When I was discussing my ideas with Ahmed Kaysher, he said rāg Malkauns always sounded Irish to him and sang a melodic line that really seemed to illustrate both what he was saying and my theme. Seán Ó Riada lectured and broadcast on the relationship between Irish and Indian traditional musics, especially as manifested in sean-nós styles, although this idea goes back at least to George Petrie’s comments in his 1855 Collection of the Ancient Music of Ireland.

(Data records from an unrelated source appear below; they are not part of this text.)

(* Call S \<subseteq> X a separator of f if f A = f (A \<inter> S) + f (A - S) for all A \<subseteq> X.
  Separators are closed under intersection and complement, so the minimal nonempty ones, the
  atoms, partition X; they are exactly the indecomposable components of f, and f is rigid iff it
  is rigid on each atom.
  (1) A separator S splits the atoms of f into those of f on S and those of f on X - S, and X
  separates f \<star>_1 g. (2) Each atom of f on Y lies in an atom of f.
  (3) The atoms of f|\<sim> refine the classes of \<sim>, so ic(f|\<sim>) = cl(\<sim>) makes them equal.
  Every separator of f also separates f|\<sim>, hence is a union of classes; so an atom of f/\<sim>
  consists of classes inside a single atom of f, on which f is rigid. *)

lemma partition_on_eqI:
  assumes P: "partition_on X P" and Q: "partition_on X Q" and "P \<subseteq> Q" shows "P = Q"
proof
  show "Q \<subseteq> P"
  proof
    fix q assume "q \<in> Q"
    then obtain x where "x \<in> q" using partition_onD3[OF Q] by (metis ex_in_conv)
    then obtain p where "p \<in> P" "x \<in> p"
      using partition_onD1[OF P] partition_onD1[OF Q] \<open>q \<in> Q\<close> by blast
    then have "p = q" using disjointD[OF partition_onD2[OF Q]] \<open>P \<subseteq> Q\<close> \<open>q \<in> Q\<close> \<open>x \<in> q\<close> by blast
    then show "q \<in> P" using \<open>p \<in> P\<close> by simp
  qed
qed (rule \<open>P \<subseteq> Q\<close>)

lemma equiv_eq_rel_of_quotient:
  assumes r: "equiv X r" shows "r = {(x, y). \<exists>Y\<in>X//r. x \<in> Y \<and> y \<in> Y}"
proof (intro set_eqI iffI; clarify)
  fix x y assume "(x, y) \<in> r"
  moreover have "x \<in> X" using equiv_type[OF r] \<open>(x, y) \<in> r\<close> by blast
  ultimately show "\<exists>Y\<in>X//r. x \<in> Y \<and> y \<in> Y"
    using equiv_class_self[OF r] quotientI[of x X r] by blast
next
  fix x y Y assume "Y \<in> X//r" "x \<in> Y" "y \<in> Y"
  then show "(x, y) \<in> r" using in_quotient_imp_in_rel[OF r] by blast
qed

lemma equiv_eq_if_refines_card_eq:
  assumes "finite A" and R: "equiv A R" and S: "equiv A S" and "R \<subseteq> S"
    and card: "card (A//S) = card (A//R)"
  shows "R = S"
proof
  have inj: "inj_on (\<lambda>E. S``E) (A//R)"
  proof (rule eq_card_imp_inj_on)
    show "finite (A//R)" using finite_quotient[OF \<open>finite A\<close> equiv_type[OF R]] .
    show "card ((\<lambda>E. S``E) ` (A//R)) = card (A//R)"
      using refines_equiv_image_eq[OF \<open>R \<subseteq> S\<close> R S] card by simp
  qed
  show "S \<subseteq> R"
  proof clarify
    fix x y assume "(x, y) \<in> S"
    then have "x \<in> A" "y \<in> A" using equiv_type[OF S] by blast+
    have "S``(R``{x}) = S``(R``{y})"
      using refines_equiv_class_eq2[OF \<open>R \<subseteq> S\<close> R S] equiv_class_eq[OF S \<open>(x, y) \<in> S\<close>] by simp
    then have "R``{x} = R``{y}"
      using inj_onD[OF inj _ quotientI[OF \<open>x \<in> A\<close>] quotientI[OF \<open>y \<in> A\<close>]] by simp
    then show "(x, y) \<in> R" using eq_equiv_class_iff[OF R \<open>x \<in> A\<close> \<open>y \<in> A\<close>] by simp
  qed
qed (rule \<open>R \<subseteq> S\<close>)

section \<open>Separators and atoms\<close>

definition separator :: "'a set \<Rightarrow> ('a set \<Rightarrow> int) \<Rightarrow> 'a set \<Rightarrow> bool" where
  "separator X f S \<longleftrightarrow> S \<subseteq> X \<and> (\<forall>A\<subseteq>X. f A = f (A \<inter> S) + f (A - S))"

definition atoms :: "'a set \<Rightarrow> ('a set \<Rightarrow> int) \<Rightarrow> 'a set set" where
  "atoms X f = {C. C \<noteq> {} \<and> separator X f C \<and> (\<forall>T. separator X f T \<and> T \<subseteq> C \<longrightarrow> T = {} \<or> T = C)}"

lemma separator_subset: "separator X f S \<Longrightarrow> S \<subseteq> X"
  unfolding separator_def by blast

lemma separatorD: "separator X f S \<Longrightarrow> A \<subseteq> X \<Longrightarrow> f A = f (A \<inter> S) + f (A - S)"
  unfolding separator_def by blast

lemma separatorI: "S \<subseteq> X \<Longrightarrow> (\<And>A. A \<subseteq> X \<Longrightarrow> f A = f (A \<inter> S) + f (A - S)) \<Longrightarrow> separator X f S"
  unfolding separator_def by blast

lemma separator_Int:
  assumes S: "separator X f S" and T: "separator X f T"
  shows "separator X f (S \<inter> T)"
proof (rule separatorI)
  show "S \<inter> T \<subseteq> X" using separator_subset[OF S] by blast
  fix A assume A: "A \<subseteq> X"
  have "A \<inter> S \<subseteq> X" "A - S \<inter> T \<subseteq> X" using A by blast+
  then have "f (A \<inter> S) = f (A \<inter> S \<inter> T) + f (A \<inter> S - T)"
    and "f (A - S \<inter> T) = f ((A - S \<inter> T) \<inter> S) + f (A - S \<inter> T - S)"
    using separatorD[OF T] separatorD[OF S] by blast+
  moreover have "(A - S \<inter> T) \<inter> S = A \<inter> S - T" "A - S \<inter> T - S = A - S" "A \<inter> S \<inter> T = A \<inter> (S \<inter> T)"
    by blast+
  ultimately show "f A = f (A \<inter> (S \<inter> T)) + f (A - S \<inter> T)"
    using separatorD[OF S A] by simp
qed

lemma separator_Diff:
  assumes S: "separator X f S" shows "separator X f (X - S)"
proof (rule separatorI)
  fix A assume "A \<subseteq> X"
  moreover have "A \<inter> (X - S) = A - S" "A - (X - S) = A \<inter> S" using \<open>A \<subseteq> X\<close> by blast+
  ultimately show "f A = f (A \<inter> (X - S)) + f (A - (X - S))" using separatorD[OF S] by simp
qed simp

lemma separator_top:
  assumes "f {} = 0" shows "separator X f X"
proof (rule separatorI)
  fix A assume "A \<subseteq> X"
  then have "A \<inter> X = A" "A - X = {}" by blast+
  then show "f A = f (A \<inter> X) + f (A - X)" using assms by (metis add.right_neutral)
qed simp

lemma separator_restrict:
  assumes S: "separator X f S" and "Y \<subseteq> X" shows "separator Y f (S \<inter> Y)"
proof (rule separatorI)
  fix A assume "A \<subseteq> Y"
  moreover have "A \<inter> (S \<inter> Y) = A \<inter> S" "A - S \<inter> Y = A - S" using \<open>A \<subseteq> Y\<close> by blast+
  ultimately show "f A = f (A \<inter> (S \<inter> Y)) + f (A - S \<inter> Y)"
    using separatorD[OF S] \<open>Y \<subseteq> X\<close> by auto
qed simp

lemma separator_trans:
  assumes T: "separator S f T" and S: "separator X f S" shows "separator X f T"
proof (rule separatorI)
  have "T \<subseteq> S" "S \<subseteq> X" using separator_subset T S by blast+
  then show "T \<subseteq> X" by blast
  fix A assume A: "A \<subseteq> X"
  have "A \<inter> S \<subseteq> S" "A - T \<subseteq> X" using A by blast+
  then have "f (A \<inter> S) = f (A \<inter> S \<inter> T) + f (A \<inter> S - T)"
    and "f (A - T) = f ((A - T) \<inter> S) + f (A - T - S)"
    using separatorD[OF T] separatorD[OF S] by blast+
  moreover have "A \<inter> S \<inter> T = A \<inter> T" "(A - T) \<inter> S = A \<inter> S - T" "A - T - S = A - S"
    using \<open>T \<subseteq> S\<close> by blast+
  ultimately show "f A = f (A \<inter> T) + f (A - T)" using separatorD[OF S A] by simp
qed

lemma separator_cong:
  assumes "\<And>A. A \<subseteq> X \<Longrightarrow> f A = g A" shows "separator X f S \<longleftrightarrow> separator X g S"
proof -
  have "A \<inter> S \<subseteq> X" "A - S \<subseteq> X" if "A \<subseteq> X" for A using that by blast+
  then show ?thesis unfolding separator_def using assms by (metis (no_types, lifting))
qed

lemma atoms_cong:
  assumes "\<And>A. A \<subseteq> X \<Longrightarrow> f A = g A" shows "atoms X f = atoms X g"
  unfolding atoms_def using separator_cong[of X f g, OF assms] by simp

lemma atoms_subset: "C \<in> atoms X f \<Longrightarrow> C \<subseteq> X"
  unfolding atoms_def using separator_subset by blast

lemma atom_separator_cases:
  assumes C: "C \<in> atoms X f" and S: "separator X f S" shows "C \<subseteq> S \<or> C \<inter> S = {}"
proof -
  have "separator X f (C \<inter> S)" using C S separator_Int unfolding atoms_def by blast
  then have "C \<inter> S = {} \<or> C \<inter> S = C" using C unfolding atoms_def by blast
  then show ?thesis by blast
qed

lemma atoms_eqI:
  assumes C: "C \<in> atoms X f" and D: "D \<in> atoms X f" and "x \<in> C" "x \<in> D" shows "C = D"
  using atom_separator_cases[OF C] atom_separator_cases[OF D] assms unfolding atoms_def by blast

How this connection might be established to scholarly satisfaction is a butterfly that has never been pinned down – did it travel from India with who we now know as the Roma, as has been suggested in relation to flamenco and canto jondo (“deep song”)? I seem to recall Taruskin writing that unaccompanied singing wherever it is from develops certain features in common such as rubato and a highly-ornamented line. So maybe it was just a coincidence – or maybe the music was carried on the air like the tune of The Fairy Lament.
When I talk about performances of music and poetry seeming to have supernatural dimensions, I am aware the suggestion moves them closer to the territory associated with religious practices. Some of the Saudha artists had been involved in a version of TS Eliot’s The Waste Land where his use of the sanskrit word for peace, Shantih, prayed at the end of an Upanishad, attracted the company and they employed music and dance in their spectacular realisation of what is usually considered a bleak poem. Its use was defended by Eliot to Eurocentric audiences as clearly suggesting a ritual closure, whether or not they knew its actual translation is known. Grail imagery from The Waste Land fed into my Roundhay poem, Turns because of Saudha’s use of it in their project.
Poetry, where the condensation of language and manipulation of syntax are used to imply much larger and more complex ideas, can overlap in technique, if not ambition, with religious expression (“I have never separated the writing of poetry from prayer” as Derek Walcott said in The Paris Review interview with Edward Hirsch). Perhaps partially because of this, poets often become suspicious to adherents of religions: I was acutely aware that there would be Muslims in our Roundhay audience and recalled words from the untranslatable Qur’an in my version by MAS Abdel Haleem: “Only those who are lost in error follow the poets” and Geertz’s Local Knowledge: “The man who takes up the poet’s role in Islam traffics, and not wholly legitimately, in the moral substance of his culture . . . Poetry is morally ambiguous because it is not sacred enough to justify the power it actually has and not secular enough for that power to be equated to ordinary eloquence.” Eloquence is suspect in Christianity as well, of course, the distinguishing talent of the Antichrist in the Bible.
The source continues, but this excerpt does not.